Re: Memory model release/acquire mode interactions of relaxed atomic operations

Toebs Douglass <toby@xxxxxxxxxxxxxx> · Sun, 7 May 2017 17:41:44 +0200

On 07/05/17 11:23, Andrew Haley wrote:
> On 05/05/17 19:00, Toebs Douglass wrote:

>> Because the CAS forces a store, the stores earlier than the store
>> barrier MUST now complete - or we violate the constraint imposed by the
>> store barrier.
> 
> This is hard work, but I have to repeat it because others may be
> misled.  CAS does not "force a store", whatever that means.  CAS does
> not do anything that is different (WRT visibility) from any other
> store.

I may *well* be wrong, as I'm about as far from knowledgeable about
processor internals as you can get, but I think this is not so.  A
normal store will pass through the store buffer mechanism.  A CAS store
(in fact LL/SC / LOCK stores in general) will not - either it will
directly bypass the store buffer mechanism, or it will effectively
bypass it, by locking it and then flushing it (I understand Intel and
SPARC both take the latter approach).

> Paul McKenney explains all this stuff perfectly weill in
> "Memory Barriers: a Hardware View for Software Hackers," including the
> key point about a full barrier needing to flush the store buffer.

I've had a bit of a search in "Hardware View" and unfortunately I can't
find an equivalent of the lovely very direct statement from the document
"Linux Kernel Memory Barriers", which was co-authored by Paul.

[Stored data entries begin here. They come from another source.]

(* In C(S) all the data of a projection category are products: the restrictions of a are p a
   and a q, so Theta_a and Delta_a become x |-> R (x a) and x |-> D (a x), and epsilon(S)
   multiplies the entries of a chain, the product of an F-path having D equal to its first and R
   equal to its last entry. Each axiom of a chained projection category thus turns into an
   identity in S, obtained from the DRC axioms via D (a b) <= D a, R (a b) <= R b and, for a
   projection p, a R (a p) = a p and D (p a) a = p a. In particular lambda(p,b,s) and
   rho(p,b,s) both collapse to the product p b s, which is (C2). A DRC-morphism preserves
   products, D and R, hence all of this structure. *)

fun mprod :: "('a \<Rightarrow> 'a \<Rightarrow> 'a) \<Rightarrow> 'a list \<Rightarrow> 'a" where
  "mprod m [] = undefined"
| "mprod m [x] = x"
| "mprod m (x # y # xs) = m x (mprod m (y # xs))"

lemma mprod_Cons: "xs \<noteq> [] \<Longrightarrow> mprod m (x # xs) = m x (mprod m xs)"
  by (cases xs) simp_all

lemma mprod_closed:
  assumes "\<And>a b. a \<in> S \<Longrightarrow> b \<in> S \<Longrightarrow> m a b \<in> S"
  shows "xs \<noteq> [] \<Longrightarrow> set xs \<subseteq> S \<Longrightarrow> mprod m xs \<in> S"
  by (induction xs rule: induct_list012) (simp_all add: assms)

lemma mprod_map:
  assumes closed: "\<And>a b. a \<in> S \<Longrightarrow> b \<in> S \<Longrightarrow> m a b \<in> S"
    and hom: "\<And>a b. a \<in> S \<Longrightarrow> b \<in> S \<Longrightarrow> \<phi> (m a b) = m' (\<phi> a) (\<phi> b)"
  shows "xs \<noteq> [] \<Longrightarrow> set xs \<subseteq> S \<Longrightarrow> \<phi> (mprod m xs) = mprod m' (map \<phi> xs)"
  by (induction xs rule: induct_list012) (simp_all add: hom mprod_closed[OF closed])

lemma proj_le_antisym: "proj_le m p q \<Longrightarrow> proj_le m q p \<Longrightarrow> p = q"
  unfolding proj_le_def by metis

lemma drc_dual:
  assumes "drc S m D R"
  shows "drc S (\<lambda>a b. m b a) R D"
proof -
  have closed: "\<And>a b. a \<in> S \<Longrightarrow> b \<in> S \<Longrightarrow> m a b \<in> S"
    and assoc: "\<And>a b c. a \<in> S \<Longrightarrow> b \<in> S \<Longrightarrow> c \<in> S \<Longrightarrow> m (m a b) c = m a (m b c)"
    and sandwich: "\<And>a b. a \<in> S \<Longrightarrow> b \<in> S \<Longrightarrow> D (m a b) = m (m (D a) (D (m a b))) (D a) \<and>
                    R (m a b) = m (m (R b) (R (m a b))) (R b)"
    and DR_closed: "\<And>a. a \<in> S \<Longrightarrow> D a \<in> S \<and> R a \<in> S"
    using assms unfolding drc_def by blast+
  have "m (R a) (m (R (m b a)) (R a)) = R (m b a)" "m (D b) (m (D (m b a)) (D b)) = D (m b a)"
    if "a \<in> S" "b \<in> S" for a b
    using sandwich[OF that(2,1)] assoc closed DR_closed that by metis+
  with assms show ?thesis
    unfolding drc_def using assoc closed by auto
qed

locale drc_semigroup =
  fixes S :: "'a set" and m :: "'a \<Rightarrow> 'a \<Rightarrow> 'a" (infixl "\<cdot>" 70) and D R :: "'a \<Rightarrow> 'a"
  assumes drc: "drc S m D R"
begin

lemma mult_closed [simp]: "a \<in> S \<Longrightarrow> b \<in> S \<Longrightarrow> a \<cdot> b \<in> S"
  and D_closed [simp]: "a \<in> S \<Longrightarrow> D a \<in> S"
  and R_closed [simp]: "a \<in> S \<Longrightarrow> R a \<in> S"
  and mult_assoc [simp]: "a \<in> S \<Longrightarrow> b \<in> S \<Longrightarrow> c \<in> S \<Longrightarrow> a \<cdot> b \<cdot> c = a \<cdot> (b \<cdot> c)"
  and D_mult_self [simp]: "a \<in> S \<Longrightarrow> D a \<cdot> a = a"
  and mult_R_self [simp]: "a \<in> S \<Longrightarrow> a \<cdot> R a = a"
  and D_mult_D [simp]: "a \<in> S \<Longrightarrow> b \<in> S \<Longrightarrow> D (a \<cdot> D b) = D (a \<cdot> b)"
  and R_R_mult [simp]: "a \<in> S \<Longrightarrow> b \<in> S \<Longrightarrow> R (R a \<cdot> b) = R (a \<cdot> b)"
  and D_sandwich: "a \<in> S \<Longrightarrow> b \<in> S \<Longrightarrow> D (a \<cdot> b) = D a \<cdot> D (a \<cdot> b) \<cdot> D a"
  and R_D [simp]: "a \<in> S \<Longrightarrow> R (D a) = D a"
  and D_R [simp]: "a \<in> S \<Longrightarrow> D (R a) = R a"
  using drc unfolding drc_def by auto

text \<open>The DRC axioms are invariant under reversing the multiplication and swapping \<open>D\<close> with
  \<open>R\<close>; the mirror image of a lemma is obtained by instantiating it with \<open>dual\<close>.\<close>

lemma dual: "drc_semigroup S (\<lambda>a b. b \<cdot> a) R D"
  using drc by (rule drc_semigroup.intro[OF drc_dual])

lemma D_D [simp]: "a \<in> S \<Longrightarrow> D (D a) = D a"
  by (metis D_R R_D D_closed)

lemma D_idem [simp]: "a \<in> S \<Longrightarrow> D a \<cdot> D a = D a"
  using D_mult_self[of "D a"] by simp

lemma D_mult_le:
  assumes "a \<in> S" "b \<in> S"
  shows "D (a \<cdot> b) \<cdot> D a = D (a \<cdot> b)" and "D a \<cdot> D (a \<cdot> b) = D (a \<cdot> b)"
  using D_sandwich[OF assms] assms by (metis D_closed D_idem mult_assoc mult_closed)+

lemmas R_mult_le = drc_semigroup.D_mult_le[OF dual]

The quote from that latter document is this;

"There is no guarantee that any of the memory accesses specified before
a memory barrier will be _complete_ by the completion of a memory
barrier instruction; the barrier can be considered to draw a line in
that CPU's access queue that accesses of the appropriate type may not
cross."

I may be wrong, but I understand this to mean that if you issue a store,
and then a store barrier, the store barrier does not cause the earlier
store to complete.  It only ensures that when a store after the barrier
*does* complete, that all stores prior the barrier will have completed
first.

In "Hardware View", Paul retreats to the conventional description of
store barriers;

"Similarly, a write memory barrier orders only stores, again on the CPU
that executes it, and again so that all stores preceding the write
memory barrier will appear to have completed before any store following
the write memory barrier."

This describes the ordering property, but it doesn't also go on to
explicitly state the barrier has no effect on completion (which is to
say, reaching a point where the store becomes visible to the MESI
protocol).  As I say, I could not find such a direct quote in the
document (although I have not looked as hard as I possibly could - in
the middle of some coding).

I have discussed the use of CAS (or other atomic operations, such as
exchange) to force a completed store (and so to force honouring of prior
store barriers) with Paul in email, and although of course it's entirely
possible there was misunderstanding, he seemed in agreement.  However, I
don't want to put words in his mouth, and it is entirely possible I am
confused in this matter, so I don't want to put too much weight on this
point.